Тяжелая рука у Федора Кобзаря. Хрипун ойкнул и уронил ружье.
— Это ты едрена вошь. А я — общественный инспектор, — спокойно сказал Тарусов. — Сдайте оружие, документы и трофеи. Сейчас составим акт. А разбираться с вами за хищническое истребление редких животных будут в другом месте…
Из волчьей стаи, подкравшейся в полночь к овечьему загону, удалось уйти только одному хищнику. Да и тот долго не протянет: Герман всадил ему пулю в бок…

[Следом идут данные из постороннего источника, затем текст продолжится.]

(* Let $(z_k)_{k\in\mathbb{N}}$ and $(z'_k)_{k\in\mathbb{N}}$ be sequences of pairwise distinct complex numbers with $\lim_{k\to\infty}|z_k|=\infty=\lim_{k\to\infty}|z'_k|$, and let $f,g$ be entire functions whose zeros are exactly the $z_k$ (respectively the $z'_k$), all simple. Let $S(f)=\{(z,w)\in\mathbb{C}^2: w^2=f(z)\}$, $S(g)=\{(z,w)\in\mathbb{C}^2: w^2=g(z)\}$, and let $G_f=\langle\varphi_f\rangle$, $G_g=\langle\varphi_g\rangle$ where $\varphi_f(z,w)=(z,-w)$ on $S(f)$ and $\varphi_g(z,w)=(z,-w)$ on $S(g)$. Then the pairs $(S(f),G_f)$ and $(S(g),G_g)$ are biholomorphically equivalent if and only if there exists a holomorphic automorphism of $\mathbb{C}$ carrying the set of zeros of $f$ onto the set of zeros of $g$.
   Context: The pairs $(S(f),G_f)$ and $(S(g),G_g)$ are biholomorphically equivalent if there is a biholomorphism $\Phi:S(f)\to S(g)$ with $\Phi G_f\Phi^{-1}=G_g$. $S(f)$ and $S(g)$ are Riemann surfaces (infinite hyperelliptic curves), and the projection $(z,w)\mapsto z$ is a branched double cover onto $\mathbb{C}$ with deck group $G_f$ (resp. $G_g$). *)

theory Defs
  imports "HOL-Complex_Analysis.Complex_Analysis" "HOL-Library.FuncSet"
begin

definition hsurf :: "(complex \<Rightarrow> complex) \<Rightarrow> (complex \<times> complex) set" where
  "hsurf f = {(z, w). w ^ 2 = f z}"

definition deck_group :: "(complex \<Rightarrow> complex) \<Rightarrow> ((complex \<times> complex) \<Rightarrow> (complex \<times> complex)) set" where
  "deck_group f = {restrict id (hsurf f), restrict (\<lambda>(z, w). (z, - w)) (hsurf f)}"

definition local_chart :: "(complex \<times> complex) set \<Rightarrow> complex \<times> complex \<Rightarrow> complex set
    \<Rightarrow> (complex \<Rightarrow> complex \<times> complex) \<Rightarrow> bool" where
  "local_chart S p V \<gamma> \<longleftrightarrow>
     open V \<and>
     (\<lambda>t. fst (\<gamma> t)) holomorphic_on V \<and> (\<lambda>t. snd (\<gamma> t)) holomorphic_on V \<and>
     (\<forall>t\<in>V. deriv (\<lambda>s. fst (\<gamma> s)) t \<noteq> 0 \<or> deriv (\<lambda>s. snd (\<gamma> s)) t \<noteq> 0) \<and>
     inj_on \<gamma> V \<and>
     continuous_on (\<gamma> ` V) (the_inv_into V \<gamma>) \<and>
     (\<exists>W. open W \<and> p \<in> W \<and> \<gamma> ` V = S \<inter> W)"

definition holo_map :: "(complex \<times> complex) set \<Rightarrow> ((complex \<times> complex) \<Rightarrow> (complex \<times> complex)) \<Rightarrow> bool" where
  "holo_map S \<Phi> \<longleftrightarrow>
     (\<forall>p\<in>S. \<exists>V \<gamma>. local_chart S p V \<gamma> \<and>
        (\<lambda>t. fst (\<Phi> (\<gamma> t))) holomorphic_on V \<and> (\<lambda>t. snd (\<Phi> (\<gamma> t))) holomorphic_on V)"

definition biholomorphism :: "(complex \<times> complex) set \<Rightarrow> (complex \<times> complex) set
    \<Rightarrow> ((complex \<times> complex) \<Rightarrow> (complex \<times> complex)) \<Rightarrow> bool" where
  "biholomorphism S T \<Phi> \<longleftrightarrow>
     bij_betw \<Phi> S T \<and> holo_map S \<Phi> \<and> holo_map T (the_inv_into S \<Phi>)"

definition biholo_equiv_pairs :: "(complex \<Rightarrow> complex) \<Rightarrow> (complex \<Rightarrow> complex) \<Rightarrow> bool" where
  "biholo_equiv_pairs f g \<longleftrightarrow>
     (\<exists>\<Phi>. biholomorphism (hsurf f) (hsurf g) \<Phi> \<and>
        {restrict (\<Phi> \<circ> h \<circ> the_inv_into (hsurf f) \<Phi>) (hsurf g) | h. h \<in> deck_group f}
          = deck_group g)"

end

(*
  An equivalence \<Phi> of (S(f), G_f) with (S(g), G_g) conjugates the sheet interchange
  (z, w) \<mapsto> (z, -w) of S(f) to that of S(g), which is not the identity because g is not
  identically zero. So \<Phi> maps fibres of the projection to fibres and induces a bijection \<psi>
  of C with fst \<circ> \<Phi> = \<psi> \<circ> fst. In the charts of S(f) away from the branch points the
  projection is locally invertible, so \<psi> is holomorphic there; the branch points lie over
  the isolated zeros of f, where \<psi> is continuous, hence holomorphic. Since \<Phi> maps fixed
  points of the interchange to fixed points, \<psi> carries the zeros of f onto those of g.
  Conversely, if h is an automorphism of C with h (Z(f)) = Z(g), then (g \<circ> h) / f is entire
  and zero-free because all zeros are simple, so it has a holomorphic square root r, and
  (z, w) \<mapsto> (h z, r z * w) is an equivariant biholomorphism S(f) \<rightarrow> S(g).
*)
theory Submission
  imports Defs
begin

lemma simple_zero_isolated:
  fixes f :: "complex \<Rightarrow> complex"
  assumes "f holomorphic_on UNIV" and "f z = 0" and "deriv f z \<noteq> 0"
  obtains r where "r > 0" and "\<And>y. y \<in> ball z r \<Longrightarrow> y \<noteq> z \<Longrightarrow> f y \<noteq> 0"
proof -
  obtain r where "r > 0" and inj: "inj_on f (ball z r)"
    using has_complex_derivative_locally_injective[OF assms(1) UNIV_I open_UNIV assms(3)] by blast
  have "f y \<noteq> 0" if "y \<in> ball z r" "y \<noteq> z" for y
    using inj_onD[OF inj, of y z] that assms(2) \<open>r > 0\<close> by auto
  with \<open>r > 0\<close> show ?thesis
    using that by blast
qed

lemma holomorphic_on_inv_of_bij:
  fixes h :: "complex \<Rightarrow> complex"
  assumes "h holomorphic_on UNIV" and "bij h"
  shows "inv h holomorphic_on UNIV"
proof -
  obtain k where "k holomorphic_on range h" and k: "\<And>z. k (h z) = z"
    by (rule holomorphic_has_inverse[OF assms(1) open_UNIV bij_is_inj[OF assms(2)]]) blast
  moreover have "k = inv h"
    using k bij_is_surj[OF assms(2)] by (metis surj_f_inv_f ext)
  ultimately show ?thesis
    using bij_is_surj[OF assms(2)] by simp
qed

lemma deriv_nonzero_if_holomorphic_inv:
  fixes h :: "complex \<Rightarrow> complex"
  assumes "h holomorphic_on UNIV" and "inv h holomorphic_on UNIV" and "inj h"
  shows "deriv h z \<noteq> 0"
proof -
  have "((\<lambda>x. inv h (h x)) has_field_derivative deriv (inv h) (h z) * deriv h z) (at z)"
    using holomorphic_derivI[OF assms(2) open_UNIV UNIV_I] holomorphic_derivI[OF assms(1) open_UNIV UNIV_I]
    by (rule DERIV_chain2)
  then have "((\<lambda>x. x) has_field_derivative deriv (inv h) (h z) * deriv h z) (at z)"
    by (simp add: inv_f_f[OF assms(3)])
  then have "deriv (inv h) (h z) * deriv h z = 1"
    using DERIV_ident DERIV_unique by blast
  then show ?thesis
    by auto
qed

lemma tendsto_quotient_at_common_zero:
  fixes f G :: "complex \<Rightarrow> complex"
  assumes "(f has_field_derivative f') (at z)" and "(G has_field_derivative G') (at z)"
    and "f z = 0" and "G z = 0" and "f' \<noteq> 0"
  shows "((\<lambda>y. G y / f y) \<longlongrightarrow> G' / f') (at z)"
proof -
  have "((\<lambda>y. ((G y - G z) / (y - z)) / ((f y - f z) / (y - z))) \<longlongrightarrow> G' / f') (at z)"
    using assms(1,2,5) unfolding has_field_derivative_iff by (intro tendsto_divide)
  \<comment> \<open>This holds also where f y = 0, as both sides are then 0 (division by zero).\<close>
  moreover have "\<forall>\<^sub>F y in at z. ((G y - G z) / (y - z)) / ((f y - f z) / (y - z)) = G y / f y"
    using assms(3,4) by (auto simp: eventually_at_filter)
  ultimately show ?thesis
    by (rule Lim_transform_eventually)
qed

lemma holomorphic_quotient_simple_zeros:
  fixes f G :: "complex \<Rightarrow> complex"
  assumes holf: "f holomorphic_on UNIV" and holG: "G holomorphic_on UNIV"
    and simple: "\<And>z. f z = 0 \<Longrightarrow> deriv f z \<noteq> 0" and G0: "\<And>z. f z = 0 \<Longrightarrow> G z = 0"
  obtains q where "q holomorphic_on UNIV" and "\<And>z. G z = f z * q z"
proof
  define q where "q z = (if f z = 0 then deriv G z / deriv f z else G z / f z)" for z
  show "G z = f z * q z" for z
    using G0 by (simp add: q_def)
  have "open {z. f z \<noteq> 0}"
    using holf by (intro open_Collect_neq continuous_intros holomorphic_on_imp_continuous_on) auto
  have "(\<lambda>z. G z / f z) holomorphic_on {z. f z \<noteq> 0}"
    using holf holG by (intro holomorphic_intros) (auto intro: holomorphic_on_subset)
  then have hol_off: "q holomorphic_on {z. f z \<noteq> 0}"
    by (rule holomorphic_transform) (simp add: q_def)
  have "q analytic_on {z}" for z
  proof (cases "f z = 0")
    case False
    then show ?thesis
      using \<open>open {z. f z \<noteq> 0}\<close> hol_off analytic_at by blast
  next
    case True
    obtain r where "r > 0" and nonzero: "\<And>y. y \<in> ball z r \<Longrightarrow> y \<noteq> z \<Longrightarrow> f y \<noteq> 0"
      using simple_zero_isolated[OF holf True simple[OF True]] by blast
    have "((\<lambda>y. G y / f y) \<longlongrightarrow> deriv G z / deriv f z) (at z)"
      using holomorphic_derivI[OF holf open_UNIV UNIV_I] holomorphic_derivI[OF holG open_UNIV UNIV_I]
        True G0[OF True] simple[OF True]
      by (rule tendsto_quotient_at_common_zero)
    then have "(q \<longlongrightarrow> deriv G z / deriv f z) (at z)"
      by (rule Lim_transform_within_open[OF _ open_ball[of z r]])
        (use \<open>r > 0\<close> nonzero in \<open>auto simp: q_def\<close>)
    then have lim: "(q \<longlongrightarrow> q z) (at z within ball z r)"
      using True by (auto simp: q_def intro: tendsto_within_subset)
    have "q holomorphic_on ball z r - {z}"
      by (rule holomorphic_on_subset[OF hol_off]) (use nonzero in blast)
    then have "q holomorphic_on ball z r"
      by (intro no_isolated_singularity'[OF _ _ open_ball, of "{z}"]) (use lim in auto)
    then show ?thesis
      unfolding analytic_at using \<open>r > 0\<close> by (intro exI[of _ "ball z r"]) auto
  qed
  then have "q analytic_on UNIV"
    by (intro analytic_on_analytic_at[THEN iffD2]) blast
  then show "q holomorphic_on UNIV"
    by (rule analytic_imp_holomorphic)
qed

lemma zero_free_quotient_same_simple_zeros:
  fixes f G :: "complex \<Rightarrow> complex"
  assumes holf: "f holomorphic_on UNIV" and holG: "G holomorphic_on UNIV"
    and simple_f: "\<And>z. f z = 0 \<Longrightarrow> deriv f z \<noteq> 0" and simple_G: "\<And>z. G z = 0 \<Longrightarrow> deriv G z \<noteq> 0"
    and same_zeros: "\<And>z. G z = 0 \<longleftrightarrow> f z = 0"
  obtains q where "q holomorphic_on UNIV" and "\<And>z. q z \<noteq> 0" and "\<And>z. G z = f z * q z"
proof -
  obtain q where holq: "q holomorphic_on UNIV" and Gq: "\<And>z. G z = f z * q z"
    using holomorphic_quotient_simple_zeros[OF holf holG simple_f] same_zeros by blast
  have "q z \<noteq> 0" for z
  proof (cases "f z = 0")
    case True
    \<comment> \<open>At a zero of f the product rule gives G' = f' q, and G' \<noteq> 0.\<close>
    have "(G has_field_derivative deriv f z * q z + deriv q z * f z) (at z)"
      unfolding Gq[abs_def]
      using holomorphic_derivI[OF holf open_UNIV UNIV_I] holomorphic_derivI[OF holq open_UNIV UNIV_I]
      by (rule DERIV_mult)
    then have "deriv G z = deriv f z * q z"
      using True by (simp add: DERIV_imp_deriv)
    then show ?thesis
      using simple_G same_zeros True by auto
  next
    case False
    then show ?thesis
      using Gq[of z] same_zeros[of z] by auto
  qed
  with holq Gq show ?thesis
    using that by blast
qed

За ночь мы порядочно назяблись, а когда на рассвете подъехали к правлению колхоза «Светоч», и вовсе продрогли.
Вскоре молва об удачной засаде на хищников подняла кишлак, и к правлению потянулся любопытный народ. Первыми прибежали мальчишки. Сначала они боязливо теснились в стороне, потом осмелели, стали тыкать палками в волчьи морды, трепать заклеклые, негнущиеся уши серых разбойников, науськивать собак. Но собаки пятились, рычали, поджимали хвосты. Шерсть на них становилась дыбом: волки и мертвые были страшны.
Подошел раис — председатель колхоза, грузный, с крупными чертами лица мужчина лет пятидесяти. Подоспели бригадиры. Некоторые из кишлачных женщин тоже не усидели дома: явились поглазеть на богатую добычу военных охотников. Председатель Мумтаз Мухамедов распорядился, чтобы со зверья сняли шкуру, а трупы поглубже закопали. Потом пригласил нас позавтракать.

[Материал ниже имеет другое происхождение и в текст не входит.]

definition sharp ::
  "('o, 'm) category \<Rightarrow> ('o \<Rightarrow> 'o) \<Rightarrow> ('m \<Rightarrow> 'm) \<Rightarrow> ('o \<Rightarrow> 'o) \<Rightarrow> ('o \<Rightarrow> 'm)
     \<Rightarrow> ('o \<Rightarrow> 'm) \<Rightarrow> 'o \<Rightarrow> 'm \<Rightarrow> 'm" where
  "sharp \<A> Ko Km Mo phi eta A a =
     (THE h. is_alg_hom \<A> Ko Km (Mo A) (phi A) A a h \<and> Comp \<A> h (eta A) = Ide \<A> A)"

definition is_terminal_coalg ::
  "('o, 'm) category \<Rightarrow> ('o \<Rightarrow> 'o) \<Rightarrow> ('m \<Rightarrow> 'm) \<Rightarrow> 'o \<Rightarrow> 'm \<Rightarrow> bool" where
  "is_terminal_coalg \<A> Ho Hm C c \<longleftrightarrow>
     C \<in> Obj \<A> \<and> hom \<A> c C (Ho C) \<and>
     (\<forall>A a. A \<in> Obj \<A> \<longrightarrow> hom \<A> a A (Ho A) \<longrightarrow>
        (\<exists>!h. hom \<A> h A C \<and> Comp \<A> c h = Comp \<A> (Hm h) a))"

definition inverse_mor :: "('o, 'm) category \<Rightarrow> 'm \<Rightarrow> 'm" where
  "inverse_mor \<A> f =
     (THE g. hom \<A> g (Cod \<A> f) (Dom \<A> f) \<and> Comp \<A> g f = Ide \<A> (Dom \<A> f)
             \<and> Comp \<A> f g = Ide \<A> (Cod \<A> f))"

definition is_gsos_rule ::
  "('o, 'm) category \<Rightarrow> ('o \<Rightarrow> 'o \<Rightarrow> 'o) \<Rightarrow> ('o \<Rightarrow> 'o \<Rightarrow> 'm) \<Rightarrow> ('o \<Rightarrow> 'o \<Rightarrow> 'm)
     \<Rightarrow> ('o \<Rightarrow> 'o) \<Rightarrow> ('m \<Rightarrow> 'm) \<Rightarrow> ('o \<Rightarrow> 'o) \<Rightarrow> ('m \<Rightarrow> 'm) \<Rightarrow> ('o \<Rightarrow> 'o) \<Rightarrow> ('o \<Rightarrow> 'm)
     \<Rightarrow> ('o \<Rightarrow> 'm) \<Rightarrow> ('o \<Rightarrow> 'm) \<Rightarrow> bool" where
  "is_gsos_rule \<A> P p1 p2 Ho Hm Ko Km Mo phi eta l \<longleftrightarrow>
     (\<forall>X \<in> Obj \<A>. hom \<A> (l X) (Ko (P (Ho X) X)) (Ho (Mo X))) \<and>
     (\<forall>f X Y. hom \<A> f X Y \<longrightarrow>
        Comp \<A> (l Y) (Km (prodId_mor \<A> P p1 p2 Ho Hm f))
        = Comp \<A> (Hm (M_mor \<A> Ko Km Mo phi eta f)) (l X))"

definition is_interpretation ::
  "('o, 'm) category \<Rightarrow> ('o \<Rightarrow> 'o \<Rightarrow> 'o) \<Rightarrow> ('o \<Rightarrow> 'o \<Rightarrow> 'm) \<Rightarrow> ('o \<Rightarrow> 'o \<Rightarrow> 'm)
     \<Rightarrow> ('o \<Rightarrow> 'o) \<Rightarrow> ('m \<Rightarrow> 'm) \<Rightarrow> ('o \<Rightarrow> 'o) \<Rightarrow> ('m \<Rightarrow> 'm) \<Rightarrow> ('o \<Rightarrow> 'o) \<Rightarrow> ('o \<Rightarrow> 'm)
     \<Rightarrow> ('o \<Rightarrow> 'm) \<Rightarrow> ('o \<Rightarrow> 'm) \<Rightarrow> 'o \<Rightarrow> 'm \<Rightarrow> 'm \<Rightarrow> bool" where
  "is_interpretation \<A> P p1 p2 Ho Hm Ko Km Mo phi eta l C c b \<longleftrightarrow>
     hom \<A> b (Ko C) C \<and>
     Comp \<A> c b =
       Comp \<A> (Hm (sharp \<A> Ko Km Mo phi eta C b))
         (Comp \<A> (l C) (Km (pairing \<A> P p1 p2 c (Ide \<A> C))))"

end

theory Submission
  imports Defs
begin

text \<open>Put Y = HMX and \<xi> = H(\<mu> \<cdot> Me) : Y \<rightarrow> HMY. Lifting l along the free monad turns \<xi> into an
  l-bialgebra structure on the free algebra MY, so the unique coalgebra morphism g : MY \<rightarrow> C is
  also a K-algebra morphism into (C, b); conversely, an algebra morphism h : MY \<rightarrow> C with
  c \<cdot> h \<cdot> \<eta> = Hh \<cdot> \<xi> is a coalgebra morphism. Hence the guarded equation
  c \<cdot> s = H(b\<sharp> \<cdot> Ms) \<cdot> \<xi> has exactly one solution, s = g \<cdot> \<eta>. The sandwiched equation is the
  same fixed point problem rolled: with k d = c\<inverse> \<cdot> H(b\<sharp> \<cdot> Md) and D s = b\<sharp> \<cdot> Ms \<cdot> e its
  solutions are the fixed points of D \<circ> k, while b\<sharp> \<cdot> M(b\<sharp> \<cdot> Ms \<cdot> e) = b\<sharp> \<cdot> Ms \<cdot> \<mu> \<cdot> Me shows that
  the fixed points of k \<circ> D are the solutions of the guarded equation.\<close>

lemma ex1_fixpoint_rolling:
  assumes "\<exists>!s. S s \<and> k (D s) = s" and "\<And>s. S s \<Longrightarrow> T (D s)" and "\<And>d. T d \<Longrightarrow> S (k d)"
  shows "\<exists>!d. T d \<and> D (k d) = d"
proof -
  obtain s where s: "S s" "k (D s) = s"
    using assms(1) by blast
  show ?thesis
  proof (rule ex1I[of _ "D s"])
    show "T (D s) \<and> D (k (D s)) = D s"
      using s assms(2) by simp
    fix d
    assume d: "T d \<and> D (k d) = d"
    then have "S (k d)" "k (D (k d)) = k d"
      using assms(3) by auto
    then have "k d = s"
      using assms(1) s by blast
    then show "d = D s"
      using d by simp
  qed
qed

— Чайку бы погорячей, Мумтаз-ака, — попросил Тарусов, когда мы расположились в доме раиса.
На столе появилось жаркое. Картошка, щедро сдобренная курдючным салом, таяла во рту. Мухамедов, попивая чай из пиалы, расспрашивал Тарусова о минувшей ночи.
— Выбрали за кутаном укромное местечко для засады, залегли, подождали. Волки пришли и не ушли…
— Просто получается, — покачал раис головой. — «Пришли и не ушли». Я тоже человек десять посылал до вас. Однако никто ни одного зверя не убил. — И крикнул: — Сурайя! — Из соседней комнаты показалась еще не старая женщина, маленькая, расторопная. Жена раиса. — Готово?
— Да, да, — кивнула она головой и тут же вынесла два огромных ведра курдючного сала прозрачно-воскового цвета.
— Возьмите для солдатской кухни в благодарность за помощь, — радушно предложил раис.
— Не стоит, Мумтаз-ака, у нас есть все необходимое, — начал отказываться капитан.
— Обидите нас, — насупился Мухамедов. — Если бы не вы, сколько овец пропало бы… Берите, уважьте колхозников! — Он подмигнул Кобзарю: волоки, мол, на машину.
Федор легко поднял тяжеленные ведра и унес в кузов вездехода.
— Сурайя! — снова позвал жену раис.
Та вынесла два таких же ведра с урюком и курагой.
— Компот будете варить. — Мумтаз-ака передал ведра Герману Быстракову и подтолкнул его могучей рукой к выходу.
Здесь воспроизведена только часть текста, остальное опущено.